我使用tm软件包阻止完成我创建的语料库这个词有问题。
以下是我的代码中最重要的部分:
# Build a corpus, and specify the source to be character vectors
corpus <- Corpus(VectorSource(comments_final$textOriginal))
corpus
# Convert to lower case
corpus <- tm_map(corpus, content_transformer(tolower))
# Remove URLs
removeURL <- function(x) gsub("http[^[:space:]]*", "", x)
corpus <- tm_map(corpus, content_transformer(removeURL))
# Remove anything other than English letters or space
removeNumPunct <- function(x) gsub("[^[:alpha:][:space:]]*", "", x)

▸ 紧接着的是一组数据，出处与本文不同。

(* Fix $\omega\in\{0,\infty\}$ and a network (finite directed multigraph with edge set $\mathcal E$, OD pairs $\mathcal I$, pairwise disjoint nonempty finite path sets $\mathcal P^i$) with nondecreasing edge functions $g_e:[0,\infty)\to[0,\infty)$, $g_e(0)=0$. Let $g:(0,\infty)\to(0,\infty)$ be $\rho$-regularly varying at $\omega$ with $\rho>0$ (i.e. $\lim_{t\to\omega}g(tx)/g(t)=x^\rho$ for all $x>0$) and such that $\alpha_e=\lim_{x\to\omega}g_e(x)/g(x)\in[0,\infty]$ exists for all $e$. Let $\alpha_p=\max_{e\in p}\alpha_e$ and $\alpha^i=\min_{p\in\mathcal P^i}\alpha_p$. Let $m_n=M_n\lambda_n$ be inflow vectors with $M_n>0$, $\lambda_n\in\Delta(\mathcal I)$, such that: (a) $M_n\to\omega$ and $\lambda_n\to\lambda\in\Delta(\mathcal I)$; (b) every OD pair has a path $p$ with $\alpha_p<\infty$; (c) there is $i\in\mathcal I$ with $0<\alpha^i<\infty$ and $\lambda^i>0$. Let $G_n=\min_{y\in\mathcal Y}\sum_{e\in\mathcal E}g_e(x_e(y,m_n))$. Then $\lim_{n\to\infty}G_n/g(M_n)=V_\rho(\lambda)$, where $V_\rho(\lambda)=\min_{y\in\mathcal Y}\sum_{e\in\mathcal E}\alpha_e\,\zeta_e(y,\lambda)^\rho\in(0,\infty)$ with the convention $\alpha_e\zeta_e^\rho=0$ when $\alpha_e=\infty$ and $\zeta_e=0$. Moreover, if $\bar y_n$ is a sequence of optimal solutions for $G_n$, every limit point of $(\bar y_n)$ is optimal for $V_\rho(\lambda)$.
   Context: $\Delta(\mathcal I)$ is the probability simplex on $\mathcal I$. A normalized traffic allocation is $y=(y^i)_{i\in\mathcal I}$ with $y^i\in\Delta(\mathcal P^i)$ (nonnegative, summing to $1$); $\mathcal Y=\prod_i\Delta(\mathcal P^i)$. For $e\in\mathcal E$, $z_e^i(y)=\sum_{p\in\mathcal P^i,\,p\ni e}y^i_p$, $\zeta_e(y,\lambda)=\sum_i\lambda^iz_e^i(y)$, and for an inflow vector $m=M\lambda$, $x_e(y,m)=M\zeta_e(y,\lambda)=\sum_i m^iz^i_e(y)$. *)

theory Defs
  imports "HOL-Analysis.Analysis"
begin

definition is_path :: "('e \<Rightarrow> 'v) \<Rightarrow> ('e \<Rightarrow> 'v) \<Rightarrow> 'v \<Rightarrow> 'v \<Rightarrow> 'e list \<Rightarrow> bool" where
  "is_path tail head u w p \<longleftrightarrow>
     p \<noteq> [] \<and> tail (hd p) = u \<and> head (last p) = w \<and>
     (\<forall>k. Suc k < length p \<longrightarrow> head (p ! k) = tail (p ! Suc k)) \<and>
     distinct (map tail p @ [head (last p)])"

definition prob_simplex :: "'a set \<Rightarrow> ('a \<Rightarrow> real) set" where
  "prob_simplex A = {v. (\<forall>a\<in>A. 0 \<le> v a) \<and> (\<forall>a. a \<notin> A \<longrightarrow> v a = 0) \<and> sum v A = 1}"

definition allocs :: "('i \<Rightarrow> 'p set) \<Rightarrow> ('i \<Rightarrow> 'p \<Rightarrow> real) set" where
  "allocs P = {y. \<forall>i. y i \<in> prob_simplex (P i)}"

definition zflow :: "('i \<Rightarrow> 'e list set) \<Rightarrow> ('i \<Rightarrow> 'e list \<Rightarrow> real) \<Rightarrow> 'e \<Rightarrow> 'i \<Rightarrow> real" where
  "zflow P y e i = (\<Sum>p\<in>{p\<in>P i. e \<in> set p}. y i p)"

definition zeta :: "('i::finite \<Rightarrow> 'e list set) \<Rightarrow> ('i \<Rightarrow> 'e list \<Rightarrow> real) \<Rightarrow> ('i \<Rightarrow> real) \<Rightarrow> 'e \<Rightarrow> real" where
  "zeta P y lam e = (\<Sum>i\<in>UNIV. lam i * zflow P y e i)"

definition xflow :: "('i::finite \<Rightarrow> 'e list set) \<Rightarrow> ('i \<Rightarrow> 'e list \<Rightarrow> real) \<Rightarrow> ('i \<Rightarrow> real) \<Rightarrow> 'e \<Rightarrow> real" where
  "xflow P y m e = (\<Sum>i\<in>UNIV. m i * zflow P y e i)"

definition cost :: "('i::finite \<Rightarrow> 'e list set) \<Rightarrow> ('e::finite \<Rightarrow> real \<Rightarrow> real) \<Rightarrow> ('i \<Rightarrow> real)
    \<Rightarrow> ('i \<Rightarrow> 'e list \<Rightarrow> real) \<Rightarrow> real" where
  "cost P ge m y = (\<Sum>e\<in>UNIV. ge e (xflow P y m e))"

definition Gopt :: "('i::finite \<Rightarrow> 'e list set) \<Rightarrow> ('e::finite \<Rightarrow> real \<Rightarrow> real) \<Rightarrow> ('i \<Rightarrow> real) \<Rightarrow> real" where
  "Gopt P ge m = (INF y\<in>allocs P. cost P ge m y)"

text \<open>One term alpha_e * zeta_e^rho, with the convention that it is 0 whenever zeta_e = 0
  (in particular when alpha_e = \<infinity>).\<close>
definition limterm :: "ereal \<Rightarrow> real \<Rightarrow> real \<Rightarrow> ereal" where
  "limterm a z \<rho> = (if z = 0 then 0 else a * ereal (z powr \<rho>))"

definition Vobj :: "('i::finite \<Rightarrow> 'e list set) \<Rightarrow> ('e::finite \<Rightarrow> ereal) \<Rightarrow> real \<Rightarrow> ('i \<Rightarrow> real)
    \<Rightarrow> ('i \<Rightarrow> 'e list \<Rightarrow> real) \<Rightarrow> ereal" where
  "Vobj P \<alpha> \<rho> lam y = (\<Sum>e\<in>UNIV. limterm (\<alpha> e) (zeta P y lam e) \<rho>)"

definition Vrho :: "('i::finite \<Rightarrow> 'e list set) \<Rightarrow> ('e::finite \<Rightarrow> ereal) \<Rightarrow> real \<Rightarrow> ('i \<Rightarrow> real) \<Rightarrow> ereal" where
  "Vrho P \<alpha> \<rho> lam = (INF y\<in>allocs P. Vobj P \<alpha> \<rho> lam y)"

definition omega_filter :: "ereal \<Rightarrow> real filter" where
  "omega_filter \<omega> = (if \<omega> = \<infinity> then at_top else at_right 0)"

definition alpha_path :: "('e \<Rightarrow> ereal) \<Rightarrow> 'e list \<Rightarrow> ereal" where
  "alpha_path \<alpha> p = Max (\<alpha> ` set p)"

definition alpha_od :: "('i \<Rightarrow> 'e list set) \<Rightarrow> ('e \<Rightarrow> ereal) \<Rightarrow> 'i \<Rightarrow> ereal" where
  "alpha_od P \<alpha> i = Min (alpha_path \<alpha> ` P i)"

end

theory Submission
  imports Defs
begin

text \<open>After normalization by \<open>g (M n)\<close>, the cost of an allocation \<open>y\<close> is a sum of edge
  terms \<open>g\<^sub>e (M n * \<zeta>\<^sub>e) / g (M n)\<close>. Regular variation turns \<open>g\<^sub>e (M n * d) / g (M n)\<close>
  into \<open>\<alpha>\<^sub>e d\<^sup>\<rho>\<close> at every fixed scale \<open>d\<close>, and monotonicity of \<open>g\<^sub>e\<close> lets the scale
  vary with \<open>n\<close>. Evaluating a fixed allocation, after moving the OD pairs of zero limit
  demand off the edges with \<open>\<alpha>\<^sub>e = \<infinity>\<close>, gives \<open>limsup G\<^sub>n / g (M\<^sub>n) \<le> V\<^sub>\<rho>(\<lambda>)\<close>.
  Conversely, along any subsequence on which the optimal allocations converge to \<open>y\<close>,
  the edge terms are eventually above their limits, so the liminf is at least
  \<open>Vobj y \<ge> V\<^sub>\<rho>(\<lambda>)\<close>; compactness of the allocations reaches every subsequence. The same
  lower bound shows that limit points of optimal allocations are optimal.\<close>

section \<open>Limits of sums and of rescaled edge costs\<close>

lemma limsup_sum_le:
  fixes u :: "'a \<Rightarrow> nat \<Rightarrow> ereal"
  assumes "finite A"
  shows "limsup (\<lambda>n. \<Sum>a\<in>A. u a n) \<le> (\<Sum>a\<in>A. limsup (u a))"
  using assms
proof (induction A rule: finite_induct)
  case empty
  then show ?case by (simp add: Limsup_const)
next
  case (insert a A)
  have "limsup (\<lambda>n. \<Sum>x\<in>insert a A. u x n) = limsup (\<lambda>n. u a n + (\<Sum>x\<in>A. u x n))"
    using insert.hyps by simp
  also have "\<dots> \<le> limsup (u a) + limsup (\<lambda>n. \<Sum>x\<in>A. u x n)"
    by (rule ereal_limsup_add_mono)
  also have "\<dots> \<le> limsup (u a) + (\<Sum>x\<in>A. limsup (u x))"
    using insert.IH by (rule add_left_mono)
  finally show ?case
    using insert.hyps by simp
qed

lemma liminf_sum_ge:
  fixes u :: "'a \<Rightarrow> nat \<Rightarrow> ereal"
  assumes "finite A" and nonneg: "\<And>a n. a \<in> A \<Longrightarrow> 0 \<le> u a n"
  shows "(\<Sum>a\<in>A. liminf (u a)) \<le> liminf (\<lambda>n. \<Sum>a\<in>A. u a n)"
  using assms
proof (induction A rule: finite_induct)
  case empty
  then show ?case by (simp add: Liminf_const)
next
  case (insert a A)
  have "(\<Sum>x\<in>insert a A. liminf (u x)) \<le> liminf (u a) + liminf (\<lambda>n. \<Sum>x\<in>A. u x n)"
    using insert by (simp add: add_left_mono)
  also have "\<dots> \<le> liminf (\<lambda>n. u a n + (\<Sum>x\<in>A. u x n))"
    using insert.prems by (intro Liminf_add_le) (auto intro!: always_eventually sum_nonneg)
  finally show ?case
    using insert.hyps by simp
qed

corpus <- tm_map(corpus, content_transformer(removeNumPunct))
# Remove stopwords
myStopwords <- c(setdiff(stopwords('english'), c("r", "big")),
"use", "see", "used", "via", "amp")
corpus <- tm_map(corpus, removeWords, myStopwords)
# Remove extra whitespace
corpus <- tm_map(corpus, stripWhitespace)
# Remove other languages or more specifically anything with a non "a-z" and "0-9" character
corpus <- tm_map(corpus, content_transformer(function(s){
gsub(pattern = '[^a-zA-Z0-9\\s]+',
x = s,
replacement = " ",
ignore.case = TRUE,
perl = TRUE)
}))
# Keep a copy of the generated corpus for stem completion later as dictionary
corpus_copy <- corpus
# Stemming words of corpus
corpus <- tm_map(corpus, stemDocument, language="english")
现在要完成词干,我应用了tm包的stemCompletion。
# Completing the stemming with the generated dictionary
corpus <- tm_map(corpus, content_transformer(stemCompletion), dictionary = corpus_copy, type="prevalent")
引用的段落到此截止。